“My Clients Plead Not Guilty” is a phrase I seem to recall from the advertisement of a venerable defence lawyer whose legacy was built well before there was any such thing as the ‘World Wide Web’. Slogans can often mean nothing, and this one would not be original in any event. Nevertheless, “my clients plead not guilty” is a motto I strive to fulfill.
It is generally understood that as many as 90-95% of accused persons actually plead guilty without a trial of any kind (even when the accused pleads guilty, there can still be a trial to determine what are the precise facts affecting penalty). While I have not deliberately analyzed in-house statistics, I have no doubt that my clients plead guilty significantly less often than the norm.

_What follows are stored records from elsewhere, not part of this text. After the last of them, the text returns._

lemma summable_bounded_mult_inverse_powers:
  fixes a c :: "nat \<Rightarrow> real"
  assumes "\<And>m. \<bar>c m\<bar> \<le> 1"
  shows "summable (\<lambda>m. c m * (\<Sum>r<n. a r * (1 / (2 * pi * real (Suc m))^(2*r+2))))"
proof (rule summable_comparison_test')
  show "summable (\<lambda>m. (\<Sum>r<n. \<bar>a r\<bar>) * inverse (real (Suc m) ^ 2))"
  proof (rule summable_mult)
    show "summable (\<lambda>m. inverse (real (Suc m) ^ 2))"
      using inverse_power_summable[of 2, where 'a = real] by (subst summable_Suc_iff) simp
  qed
  fix m
  have inv_le: "1 / (2 * pi * real (Suc m))^(2*r+2) \<le> inverse (real (Suc m) ^ 2)" for r
  proof -
    have X: "1 \<le> real (Suc m)" "real (Suc m) \<le> 2 * pi * real (Suc m)" using pi_gt3 by simp_all
    then have "real (Suc m) ^ 2 \<le> (2 * pi * real (Suc m)) ^ 2" by (intro power_mono) auto
    also have "\<dots> \<le> (2 * pi * real (Suc m))^(2*r+2)" by (rule power_increasing) (simp, use X in linarith)
    finally have "inverse ((2 * pi * real (Suc m))^(2*r+2)) \<le> inverse (real (Suc m) ^ 2)"
      by (rule le_imp_inverse_le) simp
    then show ?thesis by (simp add: inverse_eq_divide)
  qed
  have term_le: "\<bar>a r * (1 / (2 * pi * real (Suc m))^(2*r+2))\<bar> \<le> \<bar>a r\<bar> * inverse (real (Suc m) ^ 2)" for r
    using mult_left_mono[OF inv_le abs_ge_zero] by (simp add: abs_mult)
  have "\<bar>\<Sum>r<n. a r * (1 / (2 * pi * real (Suc m))^(2*r+2))\<bar>
      \<le> (\<Sum>r<n. \<bar>a r * (1 / (2 * pi * real (Suc m))^(2*r+2))\<bar>)"
    by (rule sum_abs)
  also have "\<dots> \<le> (\<Sum>r<n. \<bar>a r\<bar>) * inverse (real (Suc m) ^ 2)"
    unfolding sum_distrib_right by (rule sum_mono) (rule term_le)
  finally have "\<bar>\<Sum>r<n. a r * (1 / (2 * pi * real (Suc m))^(2*r+2))\<bar>
      \<le> (\<Sum>r<n. \<bar>a r\<bar>) * inverse (real (Suc m) ^ 2)" .
  then show "norm (c m * (\<Sum>r<n. a r * (1 / (2 * pi * real (Suc m))^(2*r+2))))
      \<le> (\<Sum>r<n. \<bar>a r\<bar>) * inverse (real (Suc m) ^ 2)"
    using assms[of m] by (simp add: abs_mult) (meson abs_ge_zero mult_left_le_one_le order_trans)
qed

theorem lemma3p1:
  fixes n :: nat and x :: real
  assumes "n \<ge> 1" and "0 < x" and "x < 1"
  shows "summable (\<lambda>m. besselY (2*n) (4*pi*real (Suc m)) * cos (2*pi*real (Suc m)*x))
    \<and> summable (\<lambda>m. (2 * (euler_mascheroni + ln (2*pi*real (Suc m))) * besselJ (2*n) (4*pi*real (Suc m))
          + P_fun (2*n) (4*pi*real (Suc m)) - 2 * Q_fun (2*n) (4*pi*real (Suc m))) * cos (2*pi*real (Suc m)*x))
    \<and> A_fun n x =
        (-1)^n * pi * (\<Sum>m. besselY (2*n) (4*pi*real (Suc m)) * cos (2*pi*real (Suc m)*x))
      + (-1)^(n+1) * (\<Sum>m. (2 * (euler_mascheroni + ln (2*pi*real (Suc m))) * besselJ (2*n) (4*pi*real (Suc m))
          + P_fun (2*n) (4*pi*real (Suc m)) - 2 * Q_fun (2*n) (4*pi*real (Suc m))) * cos (2*pi*real (Suc m)*x))"
proof -
  define Y where "Y m = besselY (2*n) (4*pi*real (Suc m)) * cos (2*pi*real (Suc m)*x)" for m
  define T where "T m = (2 * (euler_mascheroni + ln (2*pi*real (Suc m))) * besselJ (2*n) (4*pi*real (Suc m))
    + P_fun (2*n) (4*pi*real (Suc m)) - 2 * Q_fun (2*n) (4*pi*real (Suc m))) * cos (2*pi*real (Suc m)*x)" for m
  define S where "S m = cos (2*pi*real (Suc m)*x)
    * (\<Sum>r<n. fact (n + r) / fact (n - r - 1) * (1 / (2*pi*real (Suc m))^(2*r+2)))" for m
  have Y: "summable Y" unfolding Y_def using summable_besselY_cos[of "2*n" x] assms by simp
  have S: "summable S" unfolding S_def by (rule summable_bounded_mult_inverse_powers) simp
  have T: "T m = pi * Y m + S m" for m
  proof -
    have X: "2*pi*real (Suc m) > 0" and z: "4*pi*real (Suc m) = 2 * (2*pi*real (Suc m))" by simp_all
    show ?thesis
      unfolding T_def Y_def S_def z besselJ_P_Q_eq_besselY_even[OF X] by (simp add: algebra_simps)
  qed
  have "summable T" unfolding T by (intro summable_add summable_mult Y S)
  moreover have "(\<Sum>m. T m) = pi * (\<Sum>m. Y m) + (\<Sum>m. S m)"
    unfolding T by (simp add: suminf_add[OF summable_mult[OF Y] S, symmetric] suminf_mult[OF Y])
  moreover have "A_fun n x = (-1)^(n+1) * (\<Sum>m. S m)" unfolding A_fun_def S_def ..
  ultimately have "A_fun n x = (-1)^n * pi * (\<Sum>m. Y m) + (-1)^(n+1) * (\<Sum>m. T m)"
    by (simp add: algebra_simps)
  with Y \<open>summable T\<close> show ?thesis unfolding Y_def T_def by blast
qed

end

This is not to compare myself to other defence counsel, for the statistics allow no such analysis. Many people plead guilty without even having the benefit of a properly instructed criminal lawyer in the first place. Some do so out of ‘convenience’ against the advice of a lawyer. Also, when and whether to plead guilty is something about which reasonable professionals might reasonably disagree.
Obviously, certain cases demand a plea of Not Guilty and a full trial on the merits. There is no room even to discuss the prospect of pleading guilty.

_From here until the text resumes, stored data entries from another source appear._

lemma disjoint_family_on_grid_hat_support:
  assumes N: "1 \<le> N"
  shows "disjoint_family_on (\<lambda>k. hat_support s (1 / (2 * real N)) (grid_center N k)) (grid s N)"
  unfolding disjoint_family_on_def
proof (intro ballI impI, rule ccontr)
  fix k k' assume k: "k \<in> grid s N" and k': "k' \<in> grid s N" and "k \<noteq> k'"
    and "hat_support s (1 / (2 * real N)) (grid_center N k) \<inter> hat_support s (1 / (2 * real N)) (grid_center N k') \<noteq> {}"
  then obtain x where x: "x \<in> hat_support s (1 / (2 * real N)) (grid_center N k)"
    "x \<in> hat_support s (1 / (2 * real N)) (grid_center N k')" by blast
  obtain j where j: "j < s" "k j \<noteq> k' j"
    using \<open>k \<noteq> k'\<close> PiE_ext[OF k[unfolded grid_def] k'[unfolded grid_def]] by auto
  have x: "\<bar>x j - grid_center N k j\<bar> < 1 / (2 * real N)" "\<bar>x j - grid_center N k' j\<bar> < 1 / (2 * real N)"
    using x j(1) by (auto simp: hat_support_def)
  have "\<bar>grid_center N k j - grid_center N k' j\<bar> < 1 / real N" using x by (simp add: abs_diff_less_iff)
  then have "\<bar>real (k j) - real (k' j)\<bar> / real N < 1 / real N"
    by (simp add: grid_center_def diff_divide_distrib[symmetric])
  then have "\<bar>real (k j) - real (k' j)\<bar> < 1" using N by (simp add: divide_less_cancel)
  then show False using j(2) by linarith
qed

lemma grid_size_bounds:
  fixes m s :: nat
  assumes m: "1 \<le> m" and s: "1 \<le> s"
  defines "N \<equiv> nat \<lceil>(2 * real m) powr (1 / real s)\<rceil>"
  shows "1 \<le> N" "2 * m \<le> N ^ s" "real N \<le> 4 * real m powr (1 / real s)"
proof -
  define x where "x = (2 * real m) powr (1 / real s)"
  have x1: "1 \<le> x" unfolding x_def using m s by (intro ge_one_powr_ge_zero) auto
  have Nx: "real N = real_of_int \<lceil>x\<rceil>" using x1 by (simp add: N_def x_def)
  show "1 \<le> N" using x1 Nx by linarith
  have "x ^ s \<le> real N ^ s" using x1 Nx by (intro power_mono) linarith+
  moreover have "x ^ s = 2 * real m" unfolding x_def using m s by (simp add: powr_realpow[symmetric] powr_powr)
  ultimately have "real (2 * m) \<le> real (N ^ s)" by simp
  then show "2 * m \<le> N ^ s" by (simp only: of_nat_le_iff)
  have "real N \<le> 2 * x" using Nx x1 by linarith
  also have "x = 2 powr (1 / real s) * real m powr (1 / real s)" unfolding x_def by (simp add: powr_mult)
  also have "2 powr (1 / real s) \<le> 2 powr 1" using s by (intro powr_mono) auto
  finally show "real N \<le> 4 * real m powr (1 / real s)" by (simp add: mult_right_mono)
qed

Yet the statistics are inevitable. The overwhelming majority of cases are resolved by way of guilty pleas. How and why some lawyers might conduct more or less guilty pleas than others is not the question. It is perhaps more interesting to note that even where there is no room to discuss the prospect of pleading guilty the system virtually requires such discussions to take place as a precondition to scheduling a trial.
How many accused people end up pleading guilty when they should not is a question that concerns me greatly but not one that I should answer here. How and why my clients exercise their options and rights, and how they come to give me final instructions is a question I can answer. My clients instruct me in a manner that is truly and fully informed, with confidence about the likely outcome. Again I respectfully submit that an accused person’s most important decision may be the choice of retaining an experienced criminal defence lawyer in the first place.
Needless to say, if a lawyer’s general approach and reputation is to take matters to trial and to put the crown and police to every burden known to law, that lawyer is more able to negotiate the best deal available in those matters where it may be in the client’s best interests to plead guilty.
Obviously the choice of whether to plead guilty or not guilty is of fundamental significance, but there are also many other critical decisions to be made between the time a charge is laid and its final disposition. In spite of the justice system’s best intentions, the unrepresented accused is inevitably disadvantaged. Accused persons who retain experienced counsel put themselves in a position to control the outcome favourably, truly aware of all available options – especially the option of confronting and challenging the police and Crown rather than bowing before them. We bow only before the Court. In return for this, the Court promises to ensure that it is the evidence and the law which determine the outcome rather than the Crown’s superior material resources.